Teresa Brambilla (23 October 1813 – 15 July 1895) was an Italian soprano best known for having first interpreted the role of Gilda in Giuseppe Verdi's opera Rigoletto. During a career that spanned 20 years, she sang throughout Italy and in other European cities, including Paris, Barcelona and Odessa.

==Life and career==
Teresa Brambilla was born in Cassano d'Adda to a musical family. Her parents were Gerolamo and Angela Brambilla. Teresa was one of five sisters who all became opera singers. Her elder sister, Marietta (1807–1875) was a contralto who specialised in travesti roles and sang in the premieres of several of Donizetti's operas. Her younger sister, Giuseppina (1819–1903) was a mezzo-soprano who appeared in major opera houses in Italy, Spain, and England. Her other two sisters, Annetta and Lauretta, were sopranos who had lesser careers, appearing primarily in Italian opera houses. Like her sisters, Teresa Brambilla studied at the Milan Conservatory, where she first became acquainted with Giuseppina Strepponi, a fellow student and the future wife of Giuseppe Verdi.

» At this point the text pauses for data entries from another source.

lemma measure_block_at_le: "measure \<nu> (block_at n s) \<le> 1 / real (block_length n)"
proof -
  let ?L = "block_length n"
  have "block_at n (int i) \<inter> block_at n (int j) = {}" if "i < j" "j < ?L" for i j
    using block_at_disjoint[of "int i" "int j" n] that by simp
  then have "disjoint_family_on (\<lambda>i. block_at n (int i)) {..<?L}"
    unfolding disjoint_family_on_def by (metis Int_commute lessThan_iff nat_neq_iff)
  then have "measure \<nu> (\<Union>i<?L. block_at n (int i)) = (\<Sum>i<?L. measure \<nu> (block_at n (int i)))"
    by (intro finite_measure_finite_Union) (auto simp: block_at_in_sets)
  also have "\<dots> = real ?L * measure \<nu> (block_at n s)"
    by (simp add: measure_block_at[of n "int _"] measure_block_at[of n s])
  finally have "real ?L * measure \<nu> (block_at n s) \<le> 1" using prob_le_1 by metis
  then show ?thesis using block_length_pos[of n] by (simp add: field_simps)
qed

abbreviation boundary_blocks :: "nat \<Rightarrow> nat \<Rightarrow> (int \<Rightarrow> 'a) set" where
  "boundary_blocks N n \<equiv> \<Union>s\<in>boundary_starts N (block_length n). block_at n s"

lemma measure_boundary_blocks_le:
  "measure \<nu> (boundary_blocks N n) \<le> 2 * real N / real (block_length n)"
proof -
  have "measure \<nu> (boundary_blocks N n) \<le> (\<Sum>s\<in>boundary_starts N (block_length n). measure \<nu> (block_at n s))"
    by (intro measure_UNION_le finite_boundary_starts block_at_in_sets)
  also have "\<dots> \<le> real (card (boundary_starts N (block_length n))) * (1 / real (block_length n))"
    using sum_bounded_above[OF measure_block_at_le] by simp
  also have "\<dots> \<le> real (2 * N) * (1 / real (block_length n))"
    by (intro mult_right_mono of_nat_mono card_boundary_starts) simp
  finally show ?thesis by simp
qed

lemma boundary_blocks_null: "(\<Inter>n. boundary_blocks N n) \<in> null_sets \<nu>"
proof -
  have "measure \<nu> (\<Inter>n. boundary_blocks N n) \<le> 2 * real N / real (Suc n)" for n
  proof -
    have "measure \<nu> (\<Inter>n. boundary_blocks N n) \<le> measure \<nu> (boundary_blocks N n)"
      by (intro finite_measure_mono) (auto intro!: sets.finite_UN finite_boundary_starts block_at_in_sets)
    also have "\<dots> \<le> 2 * real N / real (block_length n)" by (rule measure_boundary_blocks_le)
    also have "\<dots> \<le> 2 * real N / real (Suc n)"
      using block_length_gt[of n] by (intro divide_left_mono) auto
    finally show ?thesis .
  qed
  moreover have "(\<lambda>n. 2 * real N / real (Suc n)) \<longlonglongrightarrow> 0"
    using LIMSEQ_Suc[OF lim_const_over_n] by simp
  ultimately have "measure \<nu> (\<Inter>n. boundary_blocks N n) \<le> 0"
    by (intro LIMSEQ_le_const[where a = "measure \<nu> _"]) auto
  then have "measure \<nu> (\<Inter>n. boundary_blocks N n) = 0" using measure_nonneg by (rule antisym)
  moreover have "(\<Inter>n. boundary_blocks N n) \<in> sets \<nu>"
    by (auto intro!: sets.finite_UN finite_boundary_starts block_at_in_sets)
  ultimately show ?thesis by (auto simp: emeasure_eq_measure intro!: null_setsI)
qed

After her professional debut in 1831, Brambilla initially sang in several smaller opera houses in northern Italy but in 1833 scored a considerable success at Milan's Teatro Carcano singing Agnese in Bellini's Beatrice di Tenda and the leading soprano role in Fioravanti's Le cantatrici villane. She then appeared in Russia at the Odessa Opera House, which at the time specialised in Italian opera. Upon her return to Milan in 1837, she sang with her sister Marietta at La Scala in the world premiere of In morte di Maria Malibran de Bériot, a cantata in memory of Maria Malibran composed by Gaetano Donizetti, Giovanni Pacini, Saverio Mercadante, Nicola Vaccai and Pietro Antonio Coppola. After singing in Barcelona, she returned to La Scala for the 1839/1840 season in Mercadante's Le due illustri rivali and the world premieres of Mazzucato's I corsari and Coccia's Giovanna II.